→ Work request:
Which lines in the records below contain the word "True"? Copy each one out.

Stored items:
fun tkk_adj :: "vtx \<Rightarrow> vtx \<Rightarrow> bool" where
  "tkk_adj (VX i) (VX j) = (i \<noteq> j)"
| "tkk_adj (VZ i) (VZ j) = (i \<noteq> j)"
| "tkk_adj (VY _) (VX _) = True"
| "tkk_adj (VX _) (VY _) = True"
| "tkk_adj (VY _) (VZ _) = True"
| "tkk_adj (VZ _) (VY _) = True"
| "tkk_adj (VY _) (VY _) = False"
| "tkk_adj (VX _) (VZ _) = False"
| "tkk_adj (VZ _) (VX _) = False"

definition tkk_mult :: "vtx \<Rightarrow> vtx \<Rightarrow> nat" where
  "tkk_mult u v = (if tkk_adj u v then 1 else 0)"

end

theory Submission
  imports Defs HOL.Modules
begin

text \<open>Each generator of the claimed ideal \<open>J\<close> is a 3x3 minor of the generalized Laplacian \<open>L\<close>,
  or a short combination of such minors. Conversely, modulo \<open>J\<close> the vertices fall into at most
  three classes with identical rows and columns, so \<open>L\<close> is congruent to a blow-up of a 3x3
  matrix \<open>B\<close> with \<open>det B \<in> J\<close>; every 3x3 minor of such a blow-up is \<open>0\<close> or \<open>\<plusminus>det B\<close>.
  The only exception is \<open>T\<^sub>2 \<or> K\<^sub>2\<close> on four vertices, whose sixteen minors are written
  explicitly in terms of the generators.\<close>

text \<open>Ideals are the submodules of a commutative ring regarded as a module over itself; this
  makes \<open>ideal_gen\<close> a span and gives access to the library on spans.\<close>

interpretation ring_module: module "(*) :: 'a::comm_ring_1 \<Rightarrow> 'a \<Rightarrow> 'a"
  by standard (simp_all add: algebra_simps)

declare ring_module.scale_scale [simp del] \<comment> \<open>it would loop against \<open>mult.assoc\<close>\<close>

abbreviation ideal :: "'a::comm_ring_1 set \<Rightarrow> bool" where
  "ideal \<equiv> ring_module.subspace"

lemmas ideal_closed =
  ring_module.subspace_0 ring_module.subspace_add ring_module.subspace_diff
  ring_module.subspace_neg ring_module.subspace_scale

lemma ideal_gen_eq_span: "ideal_gen S = ring_module.span S"
  by (auto simp: ideal_gen_def ring_module.span_explicit)

lemma ideal_ideal_gen: "ideal (ideal_gen S)"
  by (simp add: ideal_gen_eq_span)

lemma zero_mem_ideal_gen [simp]: "0 \<in> ideal_gen S"
  by (simp add: ideal_gen_eq_span ring_module.span_zero)

lemma ideal_gen_base: "x \<in> S \<Longrightarrow> x \<in> ideal_gen S"
  by (simp add: ideal_gen_eq_span ring_module.span_base)
text \<open>
  If \<open>X\<close> is not midpoint locally uniformly convex, there are a unit vector \<open>x\<close>, some \<open>\<epsilon> > 0\<close> and
  vectors \<open>y\<^sub>n\<close> with \<open>\<parallel>y\<^sub>n\<parallel> \<ge> \<epsilon>\<close> and \<open>max \<parallel>x + y\<^sub>n\<parallel> \<parallel>x - y\<^sub>n\<parallel> \<rightarrow> 1\<close>. The harmonic function
  \<open>F\<^sub>n z = x + Re (z\<^sup>n\<^sup>+\<^sup>1) y\<^sub>n\<close> only takes values on the segment \<open>[x - y\<^sub>n, x + y\<^sub>n]\<close> and equals \<open>x\<close> at
  the origin, so \<open>1 \<le> \<parallel>F\<^sub>n\<parallel>\<^sub>p \<le> max \<parallel>x \<plusminus> y\<^sub>n\<parallel> \<rightarrow> 1\<close>. The normalised functions \<open>F\<^sub>n / \<parallel>F\<^sub>n\<parallel>\<^sub>p\<close>
  converge to the constant \<open>x\<close> uniformly on compact subsets of the disc, because \<open>z\<^sup>n\<^sup>+\<^sup>1 \<rightarrow> 0\<close> there,
  but not in \<open>h\<^sup>p\<close>: on the circle where \<open>r\<^sup>n\<^sup>+\<^sup>1 = 1/2\<close> the difference is of size about \<open>\<epsilon>\<close> on a
  fixed proportion of the circle. This contradicts the Kadec-Klee property.
\<close>

lemma norm_add_scaleR_le_max:
  fixes x y :: "'a::real_normed_vector"
  assumes "\<bar>s\<bar> \<le> 1"
  shows "norm (x + s *\<^sub>R y) \<le> max (norm (x + y)) (norm (x - y))"
proof -
  let ?M = "max (norm (x + y)) (norm (x - y))"
  have "x + s *\<^sub>R y = ((1 + s) / 2) *\<^sub>R (x + y) + ((1 - s) / 2) *\<^sub>R (x - y)"
    by (simp add: scaleR_add_right scaleR_diff_right field_simps flip: scaleR_add_left scaleR_diff_left)
  then have "norm (x + s *\<^sub>R y) \<le> ((1 + s) / 2) * norm (x + y) + ((1 - s) / 2) * norm (x - y)"
    using norm_triangle_ineq[of "((1 + s) / 2) *\<^sub>R (x + y)" "((1 - s) / 2) *\<^sub>R (x - y)"] assms
    by simp
  also have "\<dots> \<le> ((1 + s) / 2) * ?M + ((1 - s) / 2) * ?M"
    using assms by (intro add_mono mult_left_mono) auto
  finally show ?thesis by (simp add: field_simps)
qed

lemma norm_le_max_norm_add_diff:
  fixes x y :: "'a::real_normed_vector"
  shows "norm x \<le> max (norm (x + y)) (norm (x - y))"
    and "norm y \<le> max (norm (x + y)) (norm (x - y))"
  using norm_add_scaleR_le_max[of 0 x y] norm_add_scaleR_le_max[of 0 y x]
  by (simp_all add: add.commute norm_minus_commute)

→ Your response:
| "tkk_adj (VY _) (VX _) = True"
| "tkk_adj (VX _) (VY _) = True"
| "tkk_adj (VY _) (VZ _) = True"
| "tkk_adj (VZ _) (VY _) = True"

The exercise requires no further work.